With those investment-tech platforms poised to become even more popular in the coming years as fintech literacy, smartphone penetration, internet costs become more optimal, it’s clear why Chipper Cash is also looking in this direction.

A neobank in the making?

Think of Western Union suddenly growing out a Robinhood-shaped appendage by going beyond cross-border money transfers to also enable crypto and U.S. stock trading just like the American-born app itself. Add a touch of everyday payments and there lies the robust fintech machinery that Chipper Cash is building.

With the calibre of investors backing the startup, the amount of capital behind the company, and its speculated unicorn valuation, it stands to reason that there could be much more in the offing.

With footprints in remittances, investments, payments, and crypto, Chipper Cash already seems quite stacked but it’s quite likely that the company is gunning for the entire fintech gamut and may eventually serve up products in lending and savings, and basically morph into a neobank of sorts.

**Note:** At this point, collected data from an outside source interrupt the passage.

lemma (in vec_space) full_col_rank_cancel_left:
  assumes B: "B \<in> carrier_mat n nc" and rank: "rank B = nc"
    and P: "P \<in> carrier_mat nc k" and Q: "Q \<in> carrier_mat nc k" and BPQ: "B * P = B * Q"
  shows "P = Q"
proof -
  have PQ: "P - Q \<in> carrier_mat nc k"
    using Q by (rule minus_carrier_mat)
  have "B * (P - Q) = B * P - B * Q"
    by (rule mult_minus_distrib_mat[OF B P Q])
  also have "\<dots> = 0\<^sub>m n k"
    unfolding BPQ using B Q by (intro minus_r_inv_mat) simp
  finally have B_PQ: "B * (P - Q) = 0\<^sub>m n k" .
  have col_PQ: "col (P - Q) j = 0\<^sub>v nc" if "j < k" for j
  proof (rule full_col_rank_mult_vec_eq_0[OF B rank])
    show "col (P - Q) j \<in> carrier_vec nc"
      using col_carrier_vec[OF that PQ] .
    show "B *\<^sub>v col (P - Q) j = 0\<^sub>v n"
      using col_mult2[OF B PQ that] B_PQ that by simp
  qed
  show ?thesis
  proof (rule eq_matI)
    fix i j assume "i < dim_row Q" "j < dim_col Q"
    then have "(P - Q) $$ (i, j) = 0"
      using arg_cong[OF col_PQ[of j], of "\<lambda>v. v $ i"] P Q by simp
    then show "P $$ (i, j) = Q $$ (i, j)"
      using \<open>i < dim_row Q\<close> \<open>j < dim_col Q\<close> P Q by simp
  qed (use P Q in simp_all)
qed

lemma mat_of_cols_subset_cols_mult:
  assumes X: "X \<in> carrier_mat n k" and Q: "Q \<in> carrier_mat k q"
    and ss: "set ss \<subseteq> set (cols (X * Q))"
  obtains Y where "Y \<in> carrier_mat k (length ss)" "mat_of_cols n ss = X * Y"
proof -
  have "\<exists>j. j < q \<and> X *\<^sub>v col Q j = s" if s: "s \<in> set ss" for s
  proof -
    obtain j where "j < length (cols (X * Q))" "s = cols (X * Q) ! j"
      using ss s by (metis in_set_conv_nth subsetD)
    then have "j < q" "s = col (X * Q) j"
      using X Q by simp_all
    then show ?thesis
      using col_mult2[OF X Q] by auto
  qed
  then obtain jf where jf: "\<And>s. s \<in> set ss \<Longrightarrow> jf s < q \<and> X *\<^sub>v col Q (jf s) = s"
    by metis
  define Y where "Y = mat_of_cols k (map (\<lambda>s. col Q (jf s)) ss)"
  have Y: "Y \<in> carrier_mat k (length ss)"
    using mat_of_cols_carrier(1)[of k "map (\<lambda>s. col Q (jf s)) ss"] by (simp add: Y_def)
  have "mat_of_cols n ss = X * Y"
  proof (rule mat_col_eqI)
    fix i assume "i < dim_col (X * Y)"
    then have i: "i < length ss"
      by (simp add: Y_def)
    then have s: "ss ! i \<in> set ss"
      by simp
    have "col Y i = col Q (jf (ss ! i))"
      unfolding Y_def using i Q jf[OF s] by (subst col_mat_of_cols) (auto simp: carrier_vecI)
    then have "col (X * Y) i = X *\<^sub>v col Q (jf (ss ! i))"
      using col_mult2[OF X Y i] by simp
    also have "\<dots> = ss ! i"
      using jf[OF s] by simp
    also have "\<dots> = col (mat_of_cols n ss) i"
    proof (rule col_mat_of_cols[symmetric, OF i])
      have "X *\<^sub>v col Q (jf (ss ! i)) \<in> carrier_vec n"
        using mult_mat_vec_carrier[OF X col_carrier_vec[OF _ Q]] jf[OF s] by blast
      then show "ss ! i \<in> carrier_vec n"
        using jf[OF s] by simp
    qed
    finally show "col (mat_of_cols n ss) i = col (X * Y) i" ..
  qed (use X Y in simp_all)
  with Y show thesis
    by (rule that)
qed

lemma (in vec_space) det_ne_0_if_rank_mult_full:
  assumes P: "P \<in> carrier_mat n k" and M: "M \<in> carrier_mat k k" and Q: "Q \<in> carrier_mat k q"
    and rank: "rank (P * M * Q) = k"
  shows "det M \<noteq> 0"
proof
  assume "det M = 0"
  \<comment> \<open>k independent columns of P M Q are the columns of P M Y for a square Y, and a kernel
    vector of the singular M Y makes them dependent.\<close>
  have PMQ: "P * M * Q \<in> carrier_mat n q"
    using P M Q by simp
  obtain ss where ss: "set ss \<subseteq> set (cols (P * M * Q))" "distinct ss" "length ss = k"
    "lin_indpt (set ss)"
    using indpt_cols_of_rank[OF PMQ] unfolding rank by blast
  obtain Y where Y: "Y \<in> carrier_mat k k" "mat_of_cols n ss = P * M * Y"
    using mat_of_cols_subset_cols_mult[of "P * M" n k Q q ss] P M Q ss(1,3) by auto
  have "det (M * Y) = 0"
    using det_mult[OF M Y(1)] \<open>det M = 0\<close> by simp
  then obtain v where v: "v \<in> carrier_vec k" "v \<noteq> 0\<^sub>v k" "(M * Y) *\<^sub>v v = 0\<^sub>v k"
    using det_0_iff_vec_prod_zero_field[OF mult_carrier_mat[OF M Y(1)]] by blast
  have "mat_of_cols n ss *\<^sub>v v = (P * (M * Y)) *\<^sub>v v"
    using Y(2) assoc_mult_mat[OF P M Y(1)] by simp
  also have "\<dots> = P *\<^sub>v ((M * Y) *\<^sub>v v)"
    by (rule assoc_mult_mat_vec[OF P mult_carrier_mat[OF M Y(1)] v(1)])
  also have "\<dots> = 0\<^sub>v n"
    unfolding v(3) using P by (intro eq_vecI) auto
  finally have "mat_of_cols n ss *\<^sub>v v = 0\<^sub>v n" .
  moreover have "cols (mat_of_cols n ss) = ss"
    using ss(1) PMQ by (intro cols_mat_of_cols) (auto dest: cols_dim[THEN subsetD])
  ultimately have "lin_dep (set ss)"
    using lin_depI[of "mat_of_cols n ss" k v] mat_of_cols_carrier(1)[of n ss] v(1,2) ss(2,3)
    by simp
  with ss(4) show False
    by contradiction
qed

lemma left_inverse_mem_mink_inv_124:
  assumes B: "B \<in> carrier_mat m r" and C: "C \<in> carrier_mat r n" and Mi: "Mi \<in> carrier_mat r r"
    and inv: "C * mink_adj C * Mi = 1\<^sub>m r" "Mi * (C * mink_adj C) = 1\<^sub>m r"
    and BL: "BL \<in> carrier_mat r m" "BL * B = 1\<^sub>m r"
  shows "mink_adj C * Mi * BL \<in> mink_inv_124 (B * C)"
proof -
  let ?X = "mink_adj C * Mi * BL"
  note dims [simp] = carrier_matD[OF B] carrier_matD[OF C] carrier_matD[OF Mi] carrier_matD[OF BL(1)]
  note assoc [simp] = assoc_mult_mat_dims
  have [simp]: "BL * (B * Z) = Z" if "dim_row Z = r" for Z
    using mult_right_inverse_cancel[OF BL(2)] that by simp
  have [simp]: "C * (mink_adj C * (Mi * Z)) = Z" if "dim_row Z = r" for Z
    using mult_right_inverse_cancel[of C "mink_adj C * Mi" r Z] inv(1) that by simp
  have [simp]: "Mi * (C * (mink_adj C * Z)) = Z" if "dim_row Z = r" for Z
    using mult_right_inverse_cancel[OF inv(2)] that by simp
  have Mi_adj: "mink_adj Mi = Mi"
    using mink_adj_inverse_eq_self[of "C * mink_adj C" r Mi] inv(1) by (simp add: mink_adj_mult)
  have XA: "?X * (B * C) = mink_adj C * (Mi * C)"
    by simp
  have "B * C * ?X * (B * C) = B * C"
    by simp
  moreover have "?X * (B * C) * ?X = ?X"
    by simp
  moreover have "mink_adj (?X * (B * C)) = ?X * (B * C)"
    unfolding XA using Mi_adj by (simp add: mink_adj_mult)
  moreover have "?X \<in> carrier_mat (dim_col (B * C)) (dim_row (B * C))"
    by (simp add: carrier_matI)
  ultimately show ?thesis
    unfolding mink_inv_124_def by blast
qed

lemma mink_inv_124_left_inverse_form:
  assumes B: "B \<in> carrier_mat m r" and C: "C \<in> carrier_mat r n" and Mi: "Mi \<in> carrier_mat r r"
    and inv: "C * mink_adj C * Mi = 1\<^sub>m r" "Mi * (C * mink_adj C) = 1\<^sub>m r"
    and rank: "vec_space.rank m B = r" and X: "X \<in> mink_inv_124 (B * C)"
  shows "C * X \<in> carrier_mat r m" "C * X * B = 1\<^sub>m r" "X = mink_adj C * Mi * (C * X)"
proof -
  from X have X_carrier: "X \<in> carrier_mat n m" and eq1: "B * C * X * (B * C) = B * C"
    and eq2: "X * (B * C) * X = X" and eq4: "mink_adj (X * (B * C)) = X * (B * C)"
    using B C by (auto simp: mink_inv_124_def)
  note dims [simp] = carrier_matD[OF B] carrier_matD[OF C] carrier_matD[OF Mi] carrier_matD[OF X_carrier]
  note assoc [simp] = assoc_mult_mat_dims
  have [simp]: "Mi * (C * (mink_adj C * Z)) = Z" if "dim_row Z = r" for Z
    using mult_right_inverse_cancel[OF inv(2)] that by simp
  show "C * X \<in> carrier_mat r m"
    by (simp add: carrier_matI)
  have "B * (C * X * B * C) = B * C"
    using eq1 by simp
  moreover have "C * X * B * C \<in> carrier_mat r n"
    by (simp add: carrier_matI)
  ultimately have CXBC: "C * X * B * C = C"
    using vec_space.full_col_rank_cancel_left[OF B rank _ C] by blast
  have "C * X * B = C * X * B * (C * mink_adj C * Mi)"
    using inv(1) by simp
  also have "\<dots> = (C * X * B * C) * (mink_adj C * Mi)"
    by simp
  finally show "C * X * B = 1\<^sub>m r"
    unfolding CXBC using inv(1) by simp
  define Y where "Y = mink_adj B * mink_adj X * X"
  have "X = mink_adj (X * (B * C)) * X"
    using eq2 eq4 by simp
  also have "\<dots> = mink_adj C * Y"
    by (simp add: Y_def mink_adj_mult)
  finally have XY: "X = mink_adj C * Y" .
  have "mink_adj C * Mi * (C * (mink_adj C * Y)) = mink_adj C * Y"
    by (simp add: Y_def)
  then show "X = mink_adj C * Mi * (C * X)"
    by (simp flip: XY)
qed

lemma mink_inv_124_full_rank_factorization:
  assumes B: "B \<in> carrier_mat m r" and C: "C \<in> carrier_mat r n" and Mi: "Mi \<in> carrier_mat r r"
    and inv: "C * mink_adj C * Mi = 1\<^sub>m r" "Mi * (C * mink_adj C) = 1\<^sub>m r"
    and rank: "vec_space.rank m B = r"
  shows "mink_inv_124 (B * C) = {mink_adj C * Mi * BL | BL. BL \<in> carrier_mat r m \<and> BL * B = 1\<^sub>m r}"
proof (intro equalityI subsetI)
  fix X assume "X \<in> mink_inv_124 (B * C)"
  with mink_inv_124_left_inverse_form[OF B C Mi inv rank]
  show "X \<in> {mink_adj C * Mi * BL | BL. BL \<in> carrier_mat r m \<and> BL * B = 1\<^sub>m r}"
    by blast
next
  fix X assume "X \<in> {mink_adj C * Mi * BL | BL. BL \<in> carrier_mat r m \<and> BL * B = 1\<^sub>m r}"
  then show "X \<in> mink_inv_124 (B * C)"
    using left_inverse_mem_mink_inv_124[OF B C Mi inv] by blast
qed

lemma mat_inverse_mult_mink_adj:
  assumes B: "B \<in> carrier_mat m r" and C: "C \<in> carrier_mat r n"
    and rank: "vec_space.rank m (B * C * mink_adj (B * C)) = r"
  obtains Mi where "mat_inverse (C * mink_adj C) = Some Mi" "Mi \<in> carrier_mat r r"
    "C * mink_adj C * Mi = 1\<^sub>m r" "Mi * (C * mink_adj C) = 1\<^sub>m r"
proof -
  have M: "C * mink_adj C \<in> carrier_mat r r"
    using C by (simp add: mink_adj_carrier)
  have "B * C * mink_adj (B * C) = B * (C * mink_adj C) * mink_adj B"
    using carrier_matD[OF B] carrier_matD[OF C] by (simp add: mink_adj_mult assoc_mult_mat_dims)
  then have "det (C * mink_adj C) \<noteq> 0"
    using vec_space.det_ne_0_if_rank_mult_full[OF B M mink_adj_carrier[OF B]] rank by simp
  then have "C * mink_adj C \<in> Units (ring_mat TYPE(complex) r ())"
    by (rule det_non_zero_imp_unit[OF M])
  then obtain Mi where "mat_inverse (C * mink_adj C) = Some Mi"
    using mat_inverse(1)[OF M, where b = "()"] by (cases "mat_inverse (C * mink_adj C)") auto
  with mat_inverse(2)[OF M] show thesis
    using that by blast
qed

For one, there is precedent. Indeed, there are certain elements within the Chipper Cash kit that seem to mirror the components that make up Eversend; a startup that now sells itself as “a neobank for Africans”, founded by Ugandan Stone Atwine in 2017.

Having started as a platform for moving money across Africa, Eversend now enables users to exchange, save, and send money instantly at attractive rates within and beyond Africa (currently 8 African countries and 15 countries across Europe, Asia, North America, and Australia).

Eversend also enables everyday bill payments and virtual cards currently, while products that cater to savings, loans, insurance, stock trading, and crypto, are believed to be in the works.

If that sounds familiar, that’s because Chipper Cash is pretty much setting itself up in an identical manner, though, as Luongo maintains, there are “no plans for loans or savings accounts at present.” But it may only be a matter of time before Chipper Cash goes from its current remittance/payments/investment-tech iteration to neobank.